START Record excerpts

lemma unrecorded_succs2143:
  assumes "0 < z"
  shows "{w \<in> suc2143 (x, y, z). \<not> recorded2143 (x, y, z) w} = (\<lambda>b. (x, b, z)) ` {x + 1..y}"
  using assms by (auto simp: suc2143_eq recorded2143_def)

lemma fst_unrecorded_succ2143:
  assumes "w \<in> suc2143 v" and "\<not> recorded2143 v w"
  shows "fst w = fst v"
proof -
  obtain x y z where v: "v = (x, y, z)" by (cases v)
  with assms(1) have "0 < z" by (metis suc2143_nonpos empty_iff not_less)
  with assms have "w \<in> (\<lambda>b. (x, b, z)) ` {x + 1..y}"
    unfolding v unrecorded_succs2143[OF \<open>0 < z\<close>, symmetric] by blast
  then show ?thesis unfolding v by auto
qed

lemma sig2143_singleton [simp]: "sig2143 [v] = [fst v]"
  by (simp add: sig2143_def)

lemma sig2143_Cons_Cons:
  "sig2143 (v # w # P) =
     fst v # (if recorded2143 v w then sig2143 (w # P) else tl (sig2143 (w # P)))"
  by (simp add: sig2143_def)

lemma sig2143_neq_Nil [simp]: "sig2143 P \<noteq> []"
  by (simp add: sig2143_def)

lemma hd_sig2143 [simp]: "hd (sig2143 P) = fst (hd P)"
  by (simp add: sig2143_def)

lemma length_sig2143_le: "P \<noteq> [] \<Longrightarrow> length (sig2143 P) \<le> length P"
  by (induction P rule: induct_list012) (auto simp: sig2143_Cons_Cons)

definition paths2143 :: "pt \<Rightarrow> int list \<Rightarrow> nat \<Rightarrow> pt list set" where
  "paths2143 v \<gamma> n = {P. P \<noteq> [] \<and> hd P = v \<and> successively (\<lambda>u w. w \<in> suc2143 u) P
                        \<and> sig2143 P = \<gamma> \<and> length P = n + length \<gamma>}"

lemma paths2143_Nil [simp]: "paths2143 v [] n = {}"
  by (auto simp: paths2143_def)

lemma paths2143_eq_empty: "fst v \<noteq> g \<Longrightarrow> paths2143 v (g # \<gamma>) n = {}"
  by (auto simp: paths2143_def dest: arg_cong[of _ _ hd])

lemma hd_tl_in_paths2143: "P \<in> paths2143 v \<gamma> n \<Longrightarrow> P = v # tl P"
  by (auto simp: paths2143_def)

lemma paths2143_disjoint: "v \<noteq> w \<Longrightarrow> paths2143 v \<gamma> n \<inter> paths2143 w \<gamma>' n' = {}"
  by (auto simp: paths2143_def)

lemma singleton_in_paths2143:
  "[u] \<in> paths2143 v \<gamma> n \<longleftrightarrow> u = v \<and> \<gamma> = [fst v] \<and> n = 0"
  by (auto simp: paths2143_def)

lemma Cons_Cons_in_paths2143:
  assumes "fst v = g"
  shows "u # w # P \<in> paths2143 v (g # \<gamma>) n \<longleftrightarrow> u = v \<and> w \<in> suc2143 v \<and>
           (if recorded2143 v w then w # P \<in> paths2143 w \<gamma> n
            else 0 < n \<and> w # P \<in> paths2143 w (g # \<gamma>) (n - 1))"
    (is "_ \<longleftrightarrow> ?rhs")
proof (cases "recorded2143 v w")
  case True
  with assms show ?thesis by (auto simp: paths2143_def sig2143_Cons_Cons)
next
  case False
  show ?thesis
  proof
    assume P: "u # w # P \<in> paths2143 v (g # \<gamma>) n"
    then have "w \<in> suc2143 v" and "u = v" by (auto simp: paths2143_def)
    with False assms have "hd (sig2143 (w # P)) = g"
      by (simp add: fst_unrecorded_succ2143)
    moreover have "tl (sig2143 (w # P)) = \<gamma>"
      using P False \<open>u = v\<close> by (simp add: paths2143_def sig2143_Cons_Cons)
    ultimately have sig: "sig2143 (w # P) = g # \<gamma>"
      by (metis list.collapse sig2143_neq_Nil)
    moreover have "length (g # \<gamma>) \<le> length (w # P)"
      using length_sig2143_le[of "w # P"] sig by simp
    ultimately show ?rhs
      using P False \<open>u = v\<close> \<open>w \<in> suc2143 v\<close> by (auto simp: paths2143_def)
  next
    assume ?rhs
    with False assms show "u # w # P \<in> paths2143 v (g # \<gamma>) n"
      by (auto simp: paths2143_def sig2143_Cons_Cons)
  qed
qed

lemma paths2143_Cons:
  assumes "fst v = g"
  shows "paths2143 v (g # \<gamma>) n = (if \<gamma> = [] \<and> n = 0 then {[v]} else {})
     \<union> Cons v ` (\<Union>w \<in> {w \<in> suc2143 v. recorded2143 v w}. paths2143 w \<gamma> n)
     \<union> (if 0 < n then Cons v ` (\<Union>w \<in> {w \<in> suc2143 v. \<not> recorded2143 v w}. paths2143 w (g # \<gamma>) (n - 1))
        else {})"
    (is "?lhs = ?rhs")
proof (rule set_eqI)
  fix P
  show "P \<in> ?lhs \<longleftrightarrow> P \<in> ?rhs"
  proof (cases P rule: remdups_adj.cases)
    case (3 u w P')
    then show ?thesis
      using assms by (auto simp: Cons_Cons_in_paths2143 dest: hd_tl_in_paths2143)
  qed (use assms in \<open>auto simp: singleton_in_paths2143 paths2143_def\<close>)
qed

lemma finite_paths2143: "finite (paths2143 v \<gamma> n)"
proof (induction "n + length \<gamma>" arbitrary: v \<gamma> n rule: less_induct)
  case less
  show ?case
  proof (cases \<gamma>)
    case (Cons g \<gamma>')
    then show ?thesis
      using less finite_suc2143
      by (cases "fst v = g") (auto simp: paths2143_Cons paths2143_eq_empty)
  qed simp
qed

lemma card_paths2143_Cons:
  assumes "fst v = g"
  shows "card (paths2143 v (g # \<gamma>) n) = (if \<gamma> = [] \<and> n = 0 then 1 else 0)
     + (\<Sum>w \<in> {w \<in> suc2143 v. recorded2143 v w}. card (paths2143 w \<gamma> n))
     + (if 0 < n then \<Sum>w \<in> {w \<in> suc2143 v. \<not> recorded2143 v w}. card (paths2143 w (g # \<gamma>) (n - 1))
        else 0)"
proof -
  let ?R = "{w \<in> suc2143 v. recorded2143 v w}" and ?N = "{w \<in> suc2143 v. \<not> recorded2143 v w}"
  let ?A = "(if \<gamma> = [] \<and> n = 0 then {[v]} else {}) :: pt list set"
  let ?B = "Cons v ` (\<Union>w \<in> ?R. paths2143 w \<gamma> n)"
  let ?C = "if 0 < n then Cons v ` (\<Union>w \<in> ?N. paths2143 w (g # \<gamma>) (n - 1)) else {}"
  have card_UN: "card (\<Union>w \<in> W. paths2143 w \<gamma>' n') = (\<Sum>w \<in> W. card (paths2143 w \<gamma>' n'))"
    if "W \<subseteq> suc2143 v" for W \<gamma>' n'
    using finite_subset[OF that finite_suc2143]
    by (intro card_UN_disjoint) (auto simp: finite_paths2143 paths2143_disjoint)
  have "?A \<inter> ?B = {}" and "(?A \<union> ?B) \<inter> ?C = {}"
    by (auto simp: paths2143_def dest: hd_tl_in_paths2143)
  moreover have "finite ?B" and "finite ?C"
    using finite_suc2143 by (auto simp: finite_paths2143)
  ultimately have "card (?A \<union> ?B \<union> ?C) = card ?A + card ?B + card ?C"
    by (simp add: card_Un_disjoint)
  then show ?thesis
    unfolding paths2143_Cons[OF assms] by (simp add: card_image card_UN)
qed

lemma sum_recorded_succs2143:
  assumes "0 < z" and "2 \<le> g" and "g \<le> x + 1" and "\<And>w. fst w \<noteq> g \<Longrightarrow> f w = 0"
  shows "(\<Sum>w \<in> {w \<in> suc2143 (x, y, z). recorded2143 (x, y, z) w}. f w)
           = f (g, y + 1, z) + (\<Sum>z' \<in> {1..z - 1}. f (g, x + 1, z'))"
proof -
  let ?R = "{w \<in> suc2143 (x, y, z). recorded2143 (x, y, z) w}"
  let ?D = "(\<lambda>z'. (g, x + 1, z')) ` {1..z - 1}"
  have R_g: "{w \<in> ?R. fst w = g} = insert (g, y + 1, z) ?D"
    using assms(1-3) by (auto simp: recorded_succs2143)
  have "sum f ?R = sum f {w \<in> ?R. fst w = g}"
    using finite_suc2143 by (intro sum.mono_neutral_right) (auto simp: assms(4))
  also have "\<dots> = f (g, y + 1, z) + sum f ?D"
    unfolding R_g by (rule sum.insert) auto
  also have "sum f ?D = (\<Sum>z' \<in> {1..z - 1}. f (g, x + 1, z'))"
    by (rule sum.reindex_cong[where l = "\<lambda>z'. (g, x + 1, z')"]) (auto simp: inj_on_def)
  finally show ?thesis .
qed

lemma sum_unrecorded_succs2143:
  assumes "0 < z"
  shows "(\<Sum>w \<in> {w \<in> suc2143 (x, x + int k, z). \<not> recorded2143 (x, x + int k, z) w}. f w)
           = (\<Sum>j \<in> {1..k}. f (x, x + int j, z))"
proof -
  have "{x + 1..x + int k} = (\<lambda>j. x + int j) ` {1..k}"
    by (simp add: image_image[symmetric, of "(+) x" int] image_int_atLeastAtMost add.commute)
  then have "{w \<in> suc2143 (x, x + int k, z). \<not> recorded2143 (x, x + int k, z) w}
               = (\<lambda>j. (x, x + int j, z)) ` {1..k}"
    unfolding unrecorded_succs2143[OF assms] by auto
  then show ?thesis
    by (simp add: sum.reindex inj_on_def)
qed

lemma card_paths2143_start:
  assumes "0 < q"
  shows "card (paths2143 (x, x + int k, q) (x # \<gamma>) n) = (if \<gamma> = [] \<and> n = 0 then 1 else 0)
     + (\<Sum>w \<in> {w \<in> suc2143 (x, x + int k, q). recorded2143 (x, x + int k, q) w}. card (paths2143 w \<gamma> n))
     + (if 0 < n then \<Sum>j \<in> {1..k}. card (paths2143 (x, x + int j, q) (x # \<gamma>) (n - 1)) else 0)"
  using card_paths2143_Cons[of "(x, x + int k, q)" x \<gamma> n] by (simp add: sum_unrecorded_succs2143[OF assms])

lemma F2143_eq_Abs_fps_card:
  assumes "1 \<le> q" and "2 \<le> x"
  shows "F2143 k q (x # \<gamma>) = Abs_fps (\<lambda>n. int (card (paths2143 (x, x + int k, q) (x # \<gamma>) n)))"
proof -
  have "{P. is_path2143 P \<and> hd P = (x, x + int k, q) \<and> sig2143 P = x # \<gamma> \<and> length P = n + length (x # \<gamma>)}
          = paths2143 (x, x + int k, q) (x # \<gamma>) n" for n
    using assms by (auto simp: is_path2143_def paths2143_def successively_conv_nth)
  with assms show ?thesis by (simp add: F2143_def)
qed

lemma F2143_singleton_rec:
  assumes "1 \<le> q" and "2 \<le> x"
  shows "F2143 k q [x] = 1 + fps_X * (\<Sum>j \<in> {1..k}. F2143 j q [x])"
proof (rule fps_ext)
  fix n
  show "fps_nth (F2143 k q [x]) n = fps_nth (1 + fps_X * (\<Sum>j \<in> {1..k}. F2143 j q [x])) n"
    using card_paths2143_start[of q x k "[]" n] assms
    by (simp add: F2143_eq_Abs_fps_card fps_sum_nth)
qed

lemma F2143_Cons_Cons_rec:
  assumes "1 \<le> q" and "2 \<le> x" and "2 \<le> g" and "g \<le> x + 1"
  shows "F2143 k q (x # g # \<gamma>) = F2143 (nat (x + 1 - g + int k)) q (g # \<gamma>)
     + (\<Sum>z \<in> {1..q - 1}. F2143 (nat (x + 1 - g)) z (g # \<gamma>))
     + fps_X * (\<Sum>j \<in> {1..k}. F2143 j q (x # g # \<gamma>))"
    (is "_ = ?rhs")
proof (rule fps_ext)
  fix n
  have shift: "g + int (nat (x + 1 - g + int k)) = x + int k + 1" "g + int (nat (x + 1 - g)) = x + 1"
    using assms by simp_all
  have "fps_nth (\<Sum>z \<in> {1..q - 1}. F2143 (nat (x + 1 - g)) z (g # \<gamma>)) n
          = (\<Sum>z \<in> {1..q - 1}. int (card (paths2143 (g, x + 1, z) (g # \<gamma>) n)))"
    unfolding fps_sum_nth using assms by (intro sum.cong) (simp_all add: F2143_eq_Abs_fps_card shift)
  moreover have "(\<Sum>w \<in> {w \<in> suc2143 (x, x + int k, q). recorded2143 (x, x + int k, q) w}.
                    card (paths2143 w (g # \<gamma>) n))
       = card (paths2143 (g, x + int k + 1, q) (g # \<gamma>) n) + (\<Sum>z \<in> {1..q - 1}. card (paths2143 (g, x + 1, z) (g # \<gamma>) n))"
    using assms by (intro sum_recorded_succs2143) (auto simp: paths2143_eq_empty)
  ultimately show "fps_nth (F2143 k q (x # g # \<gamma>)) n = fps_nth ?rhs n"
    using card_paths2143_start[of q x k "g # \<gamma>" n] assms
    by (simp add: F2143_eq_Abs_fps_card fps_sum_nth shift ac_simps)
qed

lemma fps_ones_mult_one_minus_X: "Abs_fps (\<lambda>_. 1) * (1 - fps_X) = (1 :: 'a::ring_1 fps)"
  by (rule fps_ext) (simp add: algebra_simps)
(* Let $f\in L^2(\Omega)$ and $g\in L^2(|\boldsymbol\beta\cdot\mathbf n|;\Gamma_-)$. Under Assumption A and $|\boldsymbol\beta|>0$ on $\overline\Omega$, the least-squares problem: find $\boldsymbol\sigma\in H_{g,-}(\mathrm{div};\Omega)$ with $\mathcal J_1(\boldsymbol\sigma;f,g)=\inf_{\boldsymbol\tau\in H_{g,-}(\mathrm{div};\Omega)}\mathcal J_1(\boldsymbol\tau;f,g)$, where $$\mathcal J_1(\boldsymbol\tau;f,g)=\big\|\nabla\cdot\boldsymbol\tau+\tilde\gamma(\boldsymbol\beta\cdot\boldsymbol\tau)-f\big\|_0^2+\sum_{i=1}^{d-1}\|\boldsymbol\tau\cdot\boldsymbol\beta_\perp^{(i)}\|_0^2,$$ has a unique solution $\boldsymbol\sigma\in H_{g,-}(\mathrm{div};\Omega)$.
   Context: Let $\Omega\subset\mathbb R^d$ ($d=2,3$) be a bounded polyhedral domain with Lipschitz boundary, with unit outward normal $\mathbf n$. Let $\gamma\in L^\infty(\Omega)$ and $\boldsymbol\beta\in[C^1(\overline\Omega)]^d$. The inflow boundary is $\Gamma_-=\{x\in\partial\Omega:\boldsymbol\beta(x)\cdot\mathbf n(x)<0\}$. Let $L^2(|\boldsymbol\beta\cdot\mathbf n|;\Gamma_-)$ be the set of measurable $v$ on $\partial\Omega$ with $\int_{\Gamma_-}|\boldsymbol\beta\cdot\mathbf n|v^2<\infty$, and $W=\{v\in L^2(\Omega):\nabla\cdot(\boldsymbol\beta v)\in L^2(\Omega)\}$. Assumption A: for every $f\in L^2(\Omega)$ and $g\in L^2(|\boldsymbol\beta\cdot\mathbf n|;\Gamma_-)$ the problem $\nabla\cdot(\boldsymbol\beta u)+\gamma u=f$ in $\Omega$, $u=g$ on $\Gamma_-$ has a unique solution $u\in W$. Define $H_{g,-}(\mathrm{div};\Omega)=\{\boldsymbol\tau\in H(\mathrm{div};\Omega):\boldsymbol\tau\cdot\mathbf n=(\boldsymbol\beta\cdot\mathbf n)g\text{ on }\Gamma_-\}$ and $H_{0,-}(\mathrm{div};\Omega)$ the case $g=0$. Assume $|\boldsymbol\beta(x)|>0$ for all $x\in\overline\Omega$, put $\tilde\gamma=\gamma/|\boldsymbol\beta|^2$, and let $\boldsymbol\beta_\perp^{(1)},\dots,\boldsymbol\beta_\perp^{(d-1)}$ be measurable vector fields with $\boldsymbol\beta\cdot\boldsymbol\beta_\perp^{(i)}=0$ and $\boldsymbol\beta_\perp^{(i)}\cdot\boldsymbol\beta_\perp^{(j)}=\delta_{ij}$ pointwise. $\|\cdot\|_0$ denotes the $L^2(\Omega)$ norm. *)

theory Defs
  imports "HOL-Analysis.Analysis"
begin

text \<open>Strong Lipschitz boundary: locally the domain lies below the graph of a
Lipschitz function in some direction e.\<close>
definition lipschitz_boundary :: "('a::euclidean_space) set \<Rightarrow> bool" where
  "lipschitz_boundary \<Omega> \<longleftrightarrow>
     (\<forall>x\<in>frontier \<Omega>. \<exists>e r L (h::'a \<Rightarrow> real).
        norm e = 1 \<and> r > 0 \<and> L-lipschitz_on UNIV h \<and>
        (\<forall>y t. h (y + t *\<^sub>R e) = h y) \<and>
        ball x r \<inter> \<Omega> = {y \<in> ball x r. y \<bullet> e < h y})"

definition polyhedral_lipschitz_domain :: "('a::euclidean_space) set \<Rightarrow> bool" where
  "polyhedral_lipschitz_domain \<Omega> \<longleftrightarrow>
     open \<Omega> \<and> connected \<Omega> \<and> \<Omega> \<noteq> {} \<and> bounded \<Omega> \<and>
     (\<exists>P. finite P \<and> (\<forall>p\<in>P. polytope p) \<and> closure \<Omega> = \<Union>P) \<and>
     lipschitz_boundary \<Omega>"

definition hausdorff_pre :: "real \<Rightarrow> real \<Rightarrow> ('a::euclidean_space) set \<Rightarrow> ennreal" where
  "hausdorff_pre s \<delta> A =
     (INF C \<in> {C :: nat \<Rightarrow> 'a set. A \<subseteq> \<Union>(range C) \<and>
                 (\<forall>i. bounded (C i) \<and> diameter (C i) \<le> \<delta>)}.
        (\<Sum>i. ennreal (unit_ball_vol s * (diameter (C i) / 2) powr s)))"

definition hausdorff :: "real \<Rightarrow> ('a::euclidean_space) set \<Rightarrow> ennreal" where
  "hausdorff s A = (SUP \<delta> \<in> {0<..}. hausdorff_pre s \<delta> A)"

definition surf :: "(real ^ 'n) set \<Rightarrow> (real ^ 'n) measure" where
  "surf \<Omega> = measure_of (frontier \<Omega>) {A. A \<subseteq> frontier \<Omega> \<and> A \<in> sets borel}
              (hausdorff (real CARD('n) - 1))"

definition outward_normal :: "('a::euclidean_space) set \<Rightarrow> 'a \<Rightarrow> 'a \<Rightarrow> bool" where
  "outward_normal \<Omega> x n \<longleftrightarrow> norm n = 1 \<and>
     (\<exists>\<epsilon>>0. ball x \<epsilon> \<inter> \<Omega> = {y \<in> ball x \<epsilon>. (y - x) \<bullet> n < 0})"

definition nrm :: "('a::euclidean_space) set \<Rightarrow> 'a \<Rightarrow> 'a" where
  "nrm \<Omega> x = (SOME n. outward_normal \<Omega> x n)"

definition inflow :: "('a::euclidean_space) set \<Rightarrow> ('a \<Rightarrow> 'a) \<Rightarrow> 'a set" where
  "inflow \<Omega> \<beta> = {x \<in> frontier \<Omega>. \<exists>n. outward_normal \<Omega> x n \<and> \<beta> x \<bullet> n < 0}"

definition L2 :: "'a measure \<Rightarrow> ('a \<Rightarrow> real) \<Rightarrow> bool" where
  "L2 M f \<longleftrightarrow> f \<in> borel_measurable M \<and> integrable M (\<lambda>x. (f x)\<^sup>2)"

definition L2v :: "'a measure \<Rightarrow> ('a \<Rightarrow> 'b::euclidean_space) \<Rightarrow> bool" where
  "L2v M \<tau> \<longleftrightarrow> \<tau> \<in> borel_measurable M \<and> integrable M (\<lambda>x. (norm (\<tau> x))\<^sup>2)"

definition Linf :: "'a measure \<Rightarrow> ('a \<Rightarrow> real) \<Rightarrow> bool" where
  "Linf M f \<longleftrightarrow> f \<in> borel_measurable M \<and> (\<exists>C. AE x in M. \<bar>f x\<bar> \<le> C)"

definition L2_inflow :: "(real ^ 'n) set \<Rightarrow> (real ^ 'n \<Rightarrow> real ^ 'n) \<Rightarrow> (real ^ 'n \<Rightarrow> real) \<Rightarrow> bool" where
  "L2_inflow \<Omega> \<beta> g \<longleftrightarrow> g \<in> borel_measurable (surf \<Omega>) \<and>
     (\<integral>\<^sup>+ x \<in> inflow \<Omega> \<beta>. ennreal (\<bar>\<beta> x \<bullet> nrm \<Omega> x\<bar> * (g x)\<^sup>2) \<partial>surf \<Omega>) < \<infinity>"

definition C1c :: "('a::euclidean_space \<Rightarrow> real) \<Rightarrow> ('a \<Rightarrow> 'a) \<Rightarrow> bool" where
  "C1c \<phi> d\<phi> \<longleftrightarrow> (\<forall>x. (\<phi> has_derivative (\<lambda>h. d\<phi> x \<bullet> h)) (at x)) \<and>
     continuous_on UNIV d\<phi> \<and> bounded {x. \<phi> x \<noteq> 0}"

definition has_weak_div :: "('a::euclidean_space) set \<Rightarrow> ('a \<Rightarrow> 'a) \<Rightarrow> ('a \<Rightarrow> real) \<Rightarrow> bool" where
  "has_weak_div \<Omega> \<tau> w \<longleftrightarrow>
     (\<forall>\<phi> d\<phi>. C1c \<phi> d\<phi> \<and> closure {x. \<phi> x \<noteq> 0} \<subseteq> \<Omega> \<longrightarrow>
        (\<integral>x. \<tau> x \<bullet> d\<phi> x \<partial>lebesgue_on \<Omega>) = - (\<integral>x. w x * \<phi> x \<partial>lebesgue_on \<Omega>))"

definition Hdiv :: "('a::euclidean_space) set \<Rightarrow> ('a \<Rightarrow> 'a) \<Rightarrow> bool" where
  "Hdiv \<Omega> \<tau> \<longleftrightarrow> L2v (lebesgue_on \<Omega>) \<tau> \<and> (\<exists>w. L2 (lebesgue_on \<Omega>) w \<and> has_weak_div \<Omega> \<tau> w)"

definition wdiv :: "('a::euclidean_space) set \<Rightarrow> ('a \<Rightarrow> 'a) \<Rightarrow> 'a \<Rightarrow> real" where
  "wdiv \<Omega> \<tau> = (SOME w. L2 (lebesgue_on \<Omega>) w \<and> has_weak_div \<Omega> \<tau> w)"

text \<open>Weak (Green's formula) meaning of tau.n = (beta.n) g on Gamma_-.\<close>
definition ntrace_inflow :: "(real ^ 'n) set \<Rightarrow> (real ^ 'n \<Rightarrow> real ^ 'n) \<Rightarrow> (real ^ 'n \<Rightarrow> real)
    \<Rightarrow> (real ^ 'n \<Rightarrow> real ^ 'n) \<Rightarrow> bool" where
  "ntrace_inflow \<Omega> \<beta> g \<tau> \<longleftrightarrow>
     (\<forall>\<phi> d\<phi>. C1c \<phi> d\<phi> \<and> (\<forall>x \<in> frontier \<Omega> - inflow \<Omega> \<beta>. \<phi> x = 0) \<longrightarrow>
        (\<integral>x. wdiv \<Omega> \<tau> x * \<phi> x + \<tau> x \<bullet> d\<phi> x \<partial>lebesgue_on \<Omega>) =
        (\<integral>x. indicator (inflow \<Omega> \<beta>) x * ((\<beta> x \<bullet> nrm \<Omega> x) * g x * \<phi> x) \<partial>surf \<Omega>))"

END Record excerpts

◆ Task description ◆
Reproducing the whole listing above is not the task. Copy exactly only the lines from the one with "(\<Sum>i. ennreal (unit_ball_vol" to the one with "set \<Rightarrow> (real ^ 'n)", both kept.

◆ Output below ◆
        (\<Sum>i. ennreal (unit_ball_vol s * (diameter (C i) / 2) powr s)))"

definition hausdorff :: "real \<Rightarrow> ('a::euclidean_space) set \<Rightarrow> ennreal" where
  "hausdorff s A = (SUP \<delta> \<in> {0<..}. hausdorff_pre s \<delta> A)"

definition surf :: "(real ^ 'n) set \<Rightarrow> (real ^ 'n) measure" where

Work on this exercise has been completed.